In recent years, the real estate industry’s clout has waned as local legislators have leaned increasingly to the left, and campaign contributions from the Real Estate Board of New York have shriveled. In July, progressive challengers, like Zohran Kwame Mamdani, a housing counselor, toppled incumbents viewed as too moderate.
City and state legislators are mulling an apartment vacancy tax and other measures to discourage speculative investment, while opponents warn of a “death spiral,” in which over-taxation could scare away the wealthy. The highest-earning 1 percent of New York City residents generated 43 percent of city income taxes and 51 percent of state income taxes collected from individuals living in the city as of 2016, according to the Empire Center for Public Policy, a fiscally conservative think tank.
But more than any statistic or legislation, the most consequential factor for real estate is what will happen on June 22, 2021.
That is the date of New York City’s next primary election, and it will be the most consequential since 2013, when Bill de Blasio, bolstered by his “tale of two cities” campaign, swept into office. Now, with term limits forcing out a deeply unpopular Mayor de Blasio, along with most of the City Council, a wide-open battle for the city’s leadership is underway. And real estate interests say the stakes have never been higher.

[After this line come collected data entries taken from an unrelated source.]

(* Let $n \ge 1$ and let $v_1,\dots,v_n > 0$. Consider the tit-for-tat dynamic on players $N=\{1,\dots,n\}$ with values $v_1,\dots,v_n$, started from a non-degenerate configuration: $x_i(0)>0$ for all $i$, and $y_{i,j}(0)>0$ for all $i,j$ with $\sum_{j=1}^n y_{i,j}(0)=1$ for each $i$. Let $v^* = \max_{j\in[n]} v_j$. Then for each player $i$ there exist constants $c_i, d_i > 0$ such that $$c_i \cdot (v_i v^* )^{\lfloor t/2\rfloor} \le x_i(t) \le d_i \cdot (v_i v^* )^{\lfloor t/2\rfloor} \quad \text{for all } t \in \mathbb{N}.$$ In particular, $\lim_{t\to\infty} x_i(t) = \infty$ if $v_i > 1/v^*$, $\lim_{t\to\infty} x_i(t) = 0$ if $v_i < 1/v^*$, and $x_i(t)$ stays in a bounded region (bounded above and bounded away from $0$) for all $t$ if $v_i = 1/v^*$.
   Context: Tit-for-tat dynamic: there are $n$ players; player $i$ produces good $i$, and each unit of good $j$ used as input by any player yields $v_j$ units of that player's own good. At time $t$, player $i$ holds an amount $x_i(t)$ of good $i$ and allocates it according to fractions $y_{i,j}(t)\ge 0$, $\sum_j y_{i,j}(t)=1$ ($y_{i,j}(t)$ is the fraction of good $i$ given to player $j$). At each time $t$: (Exchange) every player $i$ receives $w_{i,j}(t) = y_{j,i}(t)\, x_j(t)$ units of each good $j$; (Production) $x_i(t+1) = \sum_{j=1}^n v_j\, w_{i,j}(t)$; (Fractions update) $y_{i,j}(t+1) = \dfrac{v_j\, w_{i,j}(t)}{x_i(t+1)}$. *)

theory Defs
  imports Complex_Main
begin

text \<open>Players are indexed by 0..n-1 (the paper's 1..n). x t i is the amount x_i(t) of
good i held by player i at time t; y t i j is the fraction y_{i,j}(t) of good i given to
player j at time t.\<close>

definition tft_exchange :: "(nat \<Rightarrow> nat \<Rightarrow> nat \<Rightarrow> real) \<Rightarrow> (nat \<Rightarrow> nat \<Rightarrow> real) \<Rightarrow> nat \<Rightarrow> nat \<Rightarrow> nat \<Rightarrow> real"
  where "tft_exchange y x t i j = y t j i * x t j"

definition tft_dynamic ::
  "nat \<Rightarrow> (nat \<Rightarrow> real) \<Rightarrow> (nat \<Rightarrow> nat \<Rightarrow> real) \<Rightarrow> (nat \<Rightarrow> nat \<Rightarrow> nat \<Rightarrow> real) \<Rightarrow> bool"
  where "tft_dynamic n v x y \<longleftrightarrow>
    (\<forall>t. \<forall>i<n.
        x (Suc t) i = (\<Sum>j<n. v j * tft_exchange y x t i j)
      \<and> (\<forall>j<n. y (Suc t) i j = v j * tft_exchange y x t i j / x (Suc t) i))"

end

theory Submission
  imports Defs
begin

text \<open>Write \<open>g\<^sub>t(i,j) = y\<^sub>i\<^sub>j(t) x\<^sub>i(t)\<close> for what player i gives to player j at time t.
The fraction update makes the dynamic tit for tat on these gifts, \<open>g\<^sub>t\<^sub>+\<^sub>1(i,j) = v\<^sub>j g\<^sub>t(j,i)\<close>,
so over two steps \<open>g\<^sub>t\<^sub>+\<^sub>2(i,j) = v\<^sub>i v\<^sub>j g\<^sub>t(i,j)\<close>. Since \<open>x\<^sub>i(t)\<close> is the sum of the positive
gifts \<open>g\<^sub>t(i,j)\<close>, it lies between the single gift to a player of maximal value, which is
of exact order \<open>(v\<^sub>i v\<^sup>*)\<^bsup>\<lfloor>t/2\<rfloor>\<^esup>\<close>, and the sum of all gifts, each of at most that order.\<close>

lemma filterlim_at_top_if_geometric_lower_bound:
  fixes f :: "nat \<Rightarrow> real" and k :: "nat \<Rightarrow> nat"
  assumes k: "filterlim k at_top sequentially"
    and "0 < c" and "1 < q" and lower: "\<And>t. c * q ^ k t \<le> f t"
  shows "filterlim f at_top sequentially"
proof -
  have "filterlim (\<lambda>m. q ^ m) at_top sequentially"
    using \<open>1 < q\<close> by (intro filterlim_at_infinity_imp_filterlim_at_top
        filterlim_realpow_sequentially_gt1) (auto intro: always_eventually)
  then have "filterlim (\<lambda>t. c * q ^ k t) at_top sequentially"
    using \<open>0 < c\<close> k by (intro filterlim_tendsto_pos_mult_at_top[OF tendsto_const])
      (auto intro: filterlim_compose)
  then show ?thesis
    by (rule filterlim_at_top_mono) (simp add: lower)
qed

lemma tendsto_zero_if_geometric_upper_bound:
  fixes f :: "nat \<Rightarrow> real" and k :: "nat \<Rightarrow> nat"
  assumes k: "filterlim k at_top sequentially"
    and "\<bar>q\<bar> < 1" and nonneg: "\<And>t. 0 \<le> f t" and upper: "\<And>t. f t \<le> d * q ^ k t"
  shows "f \<longlonglongrightarrow> 0"
proof -
  have "(\<lambda>m. q ^ m) \<longlonglongrightarrow> 0"
    using \<open>\<bar>q\<bar> < 1\<close> by (intro LIMSEQ_power_zero) simp
  then have "(\<lambda>t. q ^ k t) \<longlonglongrightarrow> 0"
    using k by (rule filterlim_compose)
  then have "(\<lambda>t. d * q ^ k t) \<longlonglongrightarrow> 0"
    by (rule tendsto_mult_right_zero)
  from tendsto_sandwich[OF _ _ tendsto_const this] show ?thesis
    by (simp add: nonneg upper)
qed

locale tft_game =
  fixes n :: nat and v :: "nat \<Rightarrow> real"
    and x :: "nat \<Rightarrow> nat \<Rightarrow> real" and y :: "nat \<Rightarrow> nat \<Rightarrow> nat \<Rightarrow> real"
  assumes players_nonempty: "0 < n"
    and value_pos: "\<And>j. j < n \<Longrightarrow> 0 < v j"
    and holding_0_pos: "\<And>i. i < n \<Longrightarrow> 0 < x 0 i"
    and fraction_0_pos: "\<And>i j. i < n \<Longrightarrow> j < n \<Longrightarrow> 0 < y 0 i j"
    and fractions_0_sum: "\<And>i. i < n \<Longrightarrow> (\<Sum>j<n. y 0 i j) = 1"
    and dynamic: "tft_dynamic n v x y"
begin

lemma holding_Suc: "i < n \<Longrightarrow> x (Suc t) i = (\<Sum>j<n. v j * (y t j i * x t j))"
  using dynamic by (simp add: tft_dynamic_def tft_exchange_def)

lemma fraction_Suc:
  "i < n \<Longrightarrow> j < n \<Longrightarrow> y (Suc t) i j = v j * (y t j i * x t j) / x (Suc t) i"
  using dynamic by (simp add: tft_dynamic_def tft_exchange_def)

lemma holdings_and_fractions_pos: "(\<forall>i<n. 0 < x t i) \<and> (\<forall>i<n. \<forall>j<n. 0 < y t i j)"
proof (induction t)
  case 0
  show ?case by (simp add: holding_0_pos fraction_0_pos)
next
  case (Suc t)
  have holding_pos: "0 < x (Suc t) i" if "i < n" for i
    unfolding holding_Suc[OF that] using Suc that players_nonempty
    by (intro sum_pos) (auto intro!: mult_pos_pos value_pos)
  moreover have "0 < y (Suc t) i j" if "i < n" "j < n" for i j
    unfolding fraction_Suc[OF that] using Suc that holding_pos[OF \<open>i < n\<close>]
    by (auto intro!: divide_pos_pos mult_pos_pos value_pos)
  ultimately show ?case by blast
qed

lemma holding_pos: "i < n \<Longrightarrow> 0 < x t i"
  using holdings_and_fractions_pos by blast

lemma fraction_pos: "i < n \<Longrightarrow> j < n \<Longrightarrow> 0 < y t i j"
  using holdings_and_fractions_pos by blast

definition gift :: "nat \<Rightarrow> nat \<Rightarrow> nat \<Rightarrow> real"
  where "gift t i j = y t i j * x t i"

lemma gift_pos: "i < n \<Longrightarrow> j < n \<Longrightarrow> 0 < gift t i j"
  by (simp add: gift_def holding_pos fraction_pos)

lemma gift_Suc: "i < n \<Longrightarrow> j < n \<Longrightarrow> gift (Suc t) i j = v j * gift t j i"
  using holding_pos[of i "Suc t"] by (simp add: gift_def fraction_Suc)

lemma holding_eq_sum_gifts:
  assumes "i < n"
  shows "x t i = (\<Sum>j<n. gift t i j)"
proof (cases t)
  case 0
  then show ?thesis
    using assms by (simp add: gift_def fractions_0_sum flip: sum_distrib_right)
next
  case (Suc s)
  have "(\<Sum>j<n. gift t i j) = (\<Sum>j<n. v j * gift s j i)"
    unfolding Suc using assms by (intro sum.cong) (simp_all add: gift_Suc)
  then show ?thesis
    using assms by (simp add: Suc holding_Suc gift_def)
qed

lemma gift_le_holding:
  assumes "i < n" and "j < n"
  shows "gift t i j \<le> x t i"
  unfolding holding_eq_sum_gifts[OF \<open>i < n\<close>] using assms
  by (intro member_le_sum) (auto intro: less_imp_le gift_pos)

lemma gift_two_steps_power:
  "i < n \<Longrightarrow> j < n \<Longrightarrow> gift (2 * k + r) i j = (v i * v j) ^ k * gift r i j"
  by (induction k) (simp_all add: gift_Suc)

lemma gift_eq_power_times_gift_mod_2:
  "i < n \<Longrightarrow> j < n \<Longrightarrow> gift t i j = (v i * v j) ^ (t div 2) * gift (t mod 2) i j"
  using gift_two_steps_power[of i j "t div 2" "t mod 2"] by simp

definition max_value :: real
  where "max_value = Max (v ` {..<n})"

lemma value_le_max_value: "j < n \<Longrightarrow> v j \<le> max_value"
  by (simp add: max_value_def)

lemma max_value_attained:
  obtains jmax where "jmax < n" "v jmax = max_value"
proof -
  have "max_value \<in> v ` {..<n}"
    unfolding max_value_def using players_nonempty
    by (intro Max_in) (simp_all add: lessThan_empty_iff)
  then obtain j where "j < n" "max_value = v j"
    by blast
  then show ?thesis
    using that by simp
qed

lemma max_value_pos: "0 < max_value"
proof -
  obtain j where "j < n" "v j = max_value"
    by (rule max_value_attained)
  then show ?thesis
    using value_pos[of j] by simp
qed

lemma holding_lower_bound:
  assumes "i < n"
  shows "\<exists>c>0. \<forall>t. c * (v i * max_value) ^ (t div 2) \<le> x t i"
proof -
  obtain jmax where jmax: "jmax < n" "v jmax = max_value"
    by (rule max_value_attained)
  define c where "c = min (gift 0 i jmax) (gift 1 i jmax)"
  have "c * (v i * max_value) ^ (t div 2) \<le> x t i" for t
  proof -
    have "c \<le> gift (t mod 2) i jmax"
      unfolding c_def by (cases "even t") (simp_all add: mod2_eq_if)
    then have "c * (v i * max_value) ^ (t div 2)
        \<le> (v i * max_value) ^ (t div 2) * gift (t mod 2) i jmax"
      using assms max_value_pos value_pos by (simp add: mult.commute mult_left_mono)
    also have "\<dots> = gift t i jmax"
      using gift_eq_power_times_gift_mod_2[OF assms jmax(1), of t]
      by (simp add: jmax(2)[symmetric])
    also have "\<dots> \<le> x t i"
      using assms jmax(1) by (rule gift_le_holding)
    finally show ?thesis .
  qed
  moreover have "0 < c"
    using assms jmax(1) by (simp add: c_def gift_pos)
  ultimately show ?thesis by blast
qed

lemma holding_upper_bound:
  assumes "i < n"
  shows "\<exists>d>0. \<forall>t. x t i \<le> d * (v i * max_value) ^ (t div 2)"
proof -
  define d where "d = max (x 0 i) (x 1 i)"
  have "x t i \<le> d * (v i * max_value) ^ (t div 2)" for t
  proof -
    have "x t i = (\<Sum>j<n. (v i * v j) ^ (t div 2) * gift (t mod 2) i j)"
      unfolding holding_eq_sum_gifts[OF assms]
      by (intro sum.cong) (simp_all add: gift_eq_power_times_gift_mod_2[OF assms, of _ t])
    also have "\<dots> \<le> (\<Sum>j<n. (v i * max_value) ^ (t div 2) * gift (t mod 2) i j)"
    proof (rule sum_mono)
      fix j assume "j \<in> {..<n}"
      then have "(v i * v j) ^ (t div 2) \<le> (v i * max_value) ^ (t div 2)"
        using assms value_pos value_le_max_value
        by (intro power_mono mult_left_mono) (auto intro: less_imp_le)
      then show "(v i * v j) ^ (t div 2) * gift (t mod 2) i j
          \<le> (v i * max_value) ^ (t div 2) * gift (t mod 2) i j"
        using assms \<open>j \<in> {..<n}\<close> gift_pos by (intro mult_right_mono) (auto intro: less_imp_le)
    qed
    also have "\<dots> = (v i * max_value) ^ (t div 2) * x (t mod 2) i"
      by (simp add: holding_eq_sum_gifts[OF assms] sum_distrib_left)
    also have "\<dots> \<le> d * (v i * max_value) ^ (t div 2)"
      using assms max_value_pos value_pos
      by (cases "even t") (simp_all add: d_def mod2_eq_if mult.commute mult_left_mono)
    finally show ?thesis .
  qed
  moreover have "0 < d"
    using assms by (simp add: d_def holding_pos less_max_iff_disj)
  ultimately show ?thesis by blast
qed

lemma holding_two_sided_bounds:
  assumes "i < n"
  shows "\<exists>c d. 0 < c \<and> 0 < d \<and> (\<forall>t. c * (v i * max_value) ^ (t div 2) \<le> x t i
                                   \<and> x t i \<le> d * (v i * max_value) ^ (t div 2))"
proof -
  obtain c where "0 < c" "\<forall>t. c * (v i * max_value) ^ (t div 2) \<le> x t i"
    using holding_lower_bound[OF assms] by blast
  moreover obtain d where "0 < d" "\<forall>t. x t i \<le> d * (v i * max_value) ^ (t div 2)"
    using holding_upper_bound[OF assms] by blast
  ultimately show ?thesis by blast
qed

lemma holding_at_top:
  assumes "i < n" and "1 / max_value < v i"
  shows "filterlim (\<lambda>t. x t i) at_top sequentially"
proof -
  obtain c where "0 < c" and lower: "\<And>t. c * (v i * max_value) ^ (t div 2) \<le> x t i"
    using holding_lower_bound[OF \<open>i < n\<close>] by blast
  have "1 < v i * max_value"
    using assms(2) max_value_pos by (simp add: pos_divide_less_eq)
  with \<open>0 < c\<close> show ?thesis
    by (intro filterlim_at_top_if_geometric_lower_bound[OF _ _ _ lower])
      (simp_all add: filterlim_at_top_div_const_nat)
qed

lemma holding_tendsto_zero:
  assumes "i < n" and "v i < 1 / max_value"
  shows "(\<lambda>t. x t i) \<longlonglongrightarrow> 0"
proof -
  obtain d where upper: "\<And>t. x t i \<le> d * (v i * max_value) ^ (t div 2)"
    using holding_upper_bound[OF \<open>i < n\<close>] by blast
  have "\<bar>v i * max_value\<bar> < 1"
    using assms max_value_pos value_pos[OF \<open>i < n\<close>] by (simp add: pos_less_divide_eq)
  then show ?thesis
    using holding_pos[OF \<open>i < n\<close>]
    by (intro tendsto_zero_if_geometric_upper_bound[OF _ _ _ upper])
      (simp_all add: filterlim_at_top_div_const_nat less_imp_le)
qed

lemma holding_bounded:
  assumes "i < n" and "v i = 1 / max_value"
  shows "\<exists>a b. 0 < a \<and> 0 < b \<and> (\<forall>t. a \<le> x t i \<and> x t i \<le> b)"
proof -
  have "v i * max_value = 1"
    using assms(2) max_value_pos by simp
  then show ?thesis
    using holding_two_sided_bounds[OF \<open>i < n\<close>] by auto
qed

end

theorem theorem1:
  fixes n :: nat and v :: "nat \<Rightarrow> real"
    and x :: "nat \<Rightarrow> nat \<Rightarrow> real" and y :: "nat \<Rightarrow> nat \<Rightarrow> nat \<Rightarrow> real"
  assumes "n \<ge> 1"
    and "\<forall>j<n. v j > 0"
    and "\<forall>i<n. x 0 i > 0"
    and "\<forall>i<n. \<forall>j<n. y 0 i j > 0"
    and "\<forall>i<n. (\<Sum>j<n. y 0 i j) = 1"
    and "tft_dynamic n v x y"
  defines "vstar \<equiv> Max (v ` {..<n})"
  shows "\<forall>i<n.
      (\<exists>c d. c > 0 \<and> d > 0 \<and>
         (\<forall>t. c * (v i * vstar) ^ (t div 2) \<le> x t i \<and> x t i \<le> d * (v i * vstar) ^ (t div 2)))
    \<and> (v i > 1 / vstar \<longrightarrow> filterlim (\<lambda>t. x t i) at_top sequentially)
    \<and> (v i < 1 / vstar \<longrightarrow> (\<lambda>t. x t i) \<longlonglongrightarrow> 0)
    \<and> (v i = 1 / vstar \<longrightarrow> (\<exists>a b. a > 0 \<and> b > 0 \<and> (\<forall>t. a \<le> x t i \<and> x t i \<le> b)))"
proof -
  interpret tft_game n v x y
    using assms(1-6) by unfold_locales auto
  have "vstar = max_value"
    by (simp add: vstar_def max_value_def)
  then show ?thesis
    using holding_two_sided_bounds holding_at_top holding_tendsto_zero holding_bounded
    by blast
qed

end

Depending on what happens in the presidential election, it is too early to gauge whether voters will opt for, say, a technocrat like former Mayor Michael R. Bloomberg or a rising progressive like Rep. Alexandria Ocasio-Cortez. One presumed favorite, City Council Speaker Corey Johnson, has already bowed out, highlighting the unpredictable nature of the race.

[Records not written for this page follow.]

definition generates :: "('m::monoid_mult) set \<Rightarrow> bool" where
  "generates G \<longleftrightarrow> (\<forall>m::'m. \<exists>w. set w \<subseteq> G \<and> prod_list w = m)"

definition is_shuffle :: "'a list \<Rightarrow> 'a list \<Rightarrow> 'a list \<Rightarrow> bool" where
  "is_shuffle v w1 w2 \<longleftrightarrow> (\<exists>ps qs. length ps = length qs \<and> w1 = concat ps \<and> w2 = concat qs
       \<and> v = concat (map (\<lambda>(a,b). a @ b) (zip ps qs)))"

definition order_ideal :: "('m::order) set \<Rightarrow> bool" where
  "order_ideal I \<longleftrightarrow> (\<forall>x y. y \<in> I \<longrightarrow> x \<le> y \<longrightarrow> x \<in> I)"

definition one_rect :: "('x \<Rightarrow> 'y \<Rightarrow> bool) \<Rightarrow> 'x set \<Rightarrow> 'y set \<Rightarrow> 'x set \<Rightarrow> 'y set \<Rightarrow> bool" where
  "one_rect f X Y S T \<longleftrightarrow> S \<subseteq> X \<and> T \<subseteq> Y \<and> (\<forall>x\<in>S. \<forall>y\<in>T. f x y)"

definition cover_number :: "('x \<Rightarrow> 'y \<Rightarrow> bool) \<Rightarrow> 'x set \<Rightarrow> 'y set \<Rightarrow> nat" where
  "cover_number f X Y = (LEAST k. \<exists>R. finite R \<and> card R = k \<and>
      (\<forall>(S,T)\<in>R. one_rect f X Y S T) \<and>
      (\<Union>(S,T)\<in>R. S \<times> T) = {(x,y). x \<in> X \<and> y \<in> Y \<and> f x y})"

text \<open>Non-deterministic complexity, taken as log2 of the cover number (equal to N^1 up to an
  additive constant 2, which is irrelevant for the asymptotic claim).\<close>
definition N1 :: "('x \<Rightarrow> 'y \<Rightarrow> bool) \<Rightarrow> 'x set \<Rightarrow> 'y set \<Rightarrow> real" where
  "N1 f X Y = log 2 (real (cover_number f X Y))"

text \<open>Alice holds m1,m3,..., Bob holds m2,m4,...; the product is m1 m2 ... m(2n).\<close>
definition interleave_prod :: "('m::monoid_mult) list \<Rightarrow> 'm list \<Rightarrow> 'm" where
  "interleave_prod xs ys = prod_list (concat (map (\<lambda>(a,b). [a,b]) (zip xs ys)))"

definition N1_ideal :: "('m::{monoid_mult,order}) set \<Rightarrow> nat \<Rightarrow> real" where
  "N1_ideal I n = N1 (\<lambda>xs ys. interleave_prod xs ys \<in> I)
                     {xs. length xs = n} {ys. length ys = n}"

definition N1_monoid :: "('m::{monoid_mult,order,finite}) itself \<Rightarrow> nat \<Rightarrow> real" where
  "N1_monoid _ n = Max ((\<lambda>I::'m set. N1_ideal I n) ` {I. order_ideal I})"

end

theory Submission
  imports Defs
begin

text \<open>
  Let \<open>e = eval(u)\<close> and \<open>V = eval(v)\<close>, and cut \<open>w\<^sub>1 = p\<^sub>1\<cdots>p\<^sub>k\<close>, \<open>w\<^sub>2 = q\<^sub>1\<cdots>q\<^sub>k\<close> along the
  shuffle, so that \<open>V = p\<^sub>1q\<^sub>1\<cdots>p\<^sub>kq\<^sub>k\<close>. Each player encodes a bit by a block of \<open>3k\<close> letters
  such that two blocks interleave to \<open>V\<close> if both bits are 1 and to \<open>p\<^sub>1\<cdots>p\<^sub>kq\<^sub>1\<cdots>q\<^sub>k = e\<close>
  otherwise. Framing \<open>n\<close> such blocks by two \<open>e\<close>-blocks, the product is \<open>e\<close> for disjoint bit
  vectors and, as \<open>e\<close> is idempotent, \<open>eVe\<close>, which is not below \<open>e\<close>, for vectors meeting in
  exactly one position. So the order ideal \<open>\<down>e\<close> decides unique disjointness on \<open>n \<approx> N/3k\<close> bits.
  A 1-rectangle then contains no pair meeting exactly once, hence at most \<open>2\<^sup>n\<close> of the \<open>3\<^sup>n\<close>
  disjoint pairs (Kaibel and Weltge), so \<open>C\<^sup>1 \<ge> (3/2)\<^sup>n\<close>.
\<close>

definition common_ones :: "bool list \<Rightarrow> bool list \<Rightarrow> nat" where
  "common_ones a b = count_list (map2 (\<and>) a b) True"

lemma common_ones_Nil [simp]: "common_ones [] b = 0"
  by (simp add: common_ones_def)

lemma common_ones_Cons [simp]:
  "common_ones (x # a) (y # b) = (if x \<and> y then 1 else 0) + common_ones a b"
  by (simp add: common_ones_def)

definition bitvecs :: "nat \<Rightarrow> bool list set" where
  "bitvecs n = {xs. length xs = n}"

definition disjoint_pairs :: "bool list set \<Rightarrow> bool list set \<Rightarrow> (bool list \<times> bool list) set" where
  "disjoint_pairs A B = {(a, b). a \<in> A \<and> b \<in> B \<and> common_ones a b = 0}"

lemma finite_bitvecs: "finite (bitvecs n)"
  unfolding bitvecs_def using finite_lists_length_eq[of "UNIV :: bool set" n] by simp

lemma finite_disjoint_pairs:
  "A \<subseteq> bitvecs n \<Longrightarrow> B \<subseteq> bitvecs n \<Longrightarrow> finite (disjoint_pairs A B)"
  by (rule finite_subset[of _ "bitvecs n \<times> bitvecs n"]) (auto simp: disjoint_pairs_def finite_bitvecs)

lemma card_disjoint_pairs_Suc:
  assumes "A \<subseteq> bitvecs (Suc n)" "B \<subseteq> bitvecs (Suc n)"
  defines "A0 \<equiv> {a. False # a \<in> A}" and "A1 \<equiv> {a. True # a \<in> A}"
    and "B0 \<equiv> {b. False # b \<in> B}" and "B1 \<equiv> {b. True # b \<in> B}"
  shows "card (disjoint_pairs A B) = card (disjoint_pairs A0 B0)
     + card (disjoint_pairs A1 B0) + card (disjoint_pairs A0 B1)"
proof -
  have sub: "A0 \<subseteq> bitvecs n" "A1 \<subseteq> bitvecs n" "B0 \<subseteq> bitvecs n" "B1 \<subseteq> bitvecs n"
    using assms(1,2) by (auto simp: bitvecs_def A0_def A1_def B0_def B1_def)
  define cons2 where "cons2 = (\<lambda>x y (a :: bool list, b :: bool list). (x # a, y # b))"
  have split: "disjoint_pairs A B = cons2 False False ` disjoint_pairs A0 B0
      \<union> cons2 True False ` disjoint_pairs A1 B0 \<union> cons2 False True ` disjoint_pairs A0 B1"
  proof (intro set_eqI iffI)
    fix p assume "p \<in> disjoint_pairs A B"
    then obtain a b where p: "p = (a, b)" "a \<in> A" "b \<in> B" "common_ones a b = 0"
      by (auto simp: disjoint_pairs_def)
    moreover obtain x a' y b' where "a = x # a'" "b = y # b'"
      using p assms(1,2) by (cases a; cases b) (auto simp: bitvecs_def)
    ultimately show "p \<in> cons2 False False ` disjoint_pairs A0 B0
      \<union> cons2 True False ` disjoint_pairs A1 B0 \<union> cons2 False True ` disjoint_pairs A0 B1"
      unfolding cons2_def disjoint_pairs_def A0_def A1_def B0_def B1_def
      by (cases x; cases y) (auto simp: image_iff split: if_splits)
  qed (auto simp: cons2_def disjoint_pairs_def A0_def A1_def B0_def B1_def)
  have inj: "inj (cons2 x y)" for x y
    unfolding cons2_def inj_def by auto
  have fin: "finite (disjoint_pairs A0 B0)" "finite (disjoint_pairs A1 B0)" "finite (disjoint_pairs A0 B1)"
    using sub finite_disjoint_pairs by blast+
  have card_cons2: "card (cons2 x y ` P) = card P" for x y P
    using inj by (meson card_image inj_on_subset subset_UNIV)
  have disj: "cons2 False False ` disjoint_pairs A0 B0 \<inter> cons2 True False ` disjoint_pairs A1 B0 = {}"
    "(cons2 False False ` disjoint_pairs A0 B0 \<union> cons2 True False ` disjoint_pairs A1 B0)
       \<inter> cons2 False True ` disjoint_pairs A0 B1 = {}"
    by (auto simp: cons2_def)
  show ?thesis
    unfolding split using fin
    by (simp add: card_Un_disjoint[OF _ _ disj(2)] card_Un_disjoint[OF _ _ disj(1)] card_cons2)
qed

lemma card_disjoint_pairs_bitvecs: "card (disjoint_pairs (bitvecs n) (bitvecs n)) = 3 ^ n"
proof (induction n)
  case 0
  have "disjoint_pairs (bitvecs 0) (bitvecs 0) = {([], [])}"
    by (auto simp: disjoint_pairs_def bitvecs_def)
  then show ?case by simp
next
  case (Suc n)
  have "{a. x # a \<in> bitvecs (Suc n)} = bitvecs n" for x
    by (auto simp: bitvecs_def)
  with Suc show ?case
    using card_disjoint_pairs_Suc[of "bitvecs (Suc n)" n "bitvecs (Suc n)"] by simp
qed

“What these two crises have laid bare is that this extraordinarily wealthy city which was doing so well for one segment of the population was completely failing other segments of the population, including people we now call essential workers, and communities of color, generally,” said Vishaan Chakrabarti, a former city planning official who is now dean of the College of Environmental Design at the University of California, Berkeley. “Now how can we use this pause to think about the city that should be — a more equitable city?”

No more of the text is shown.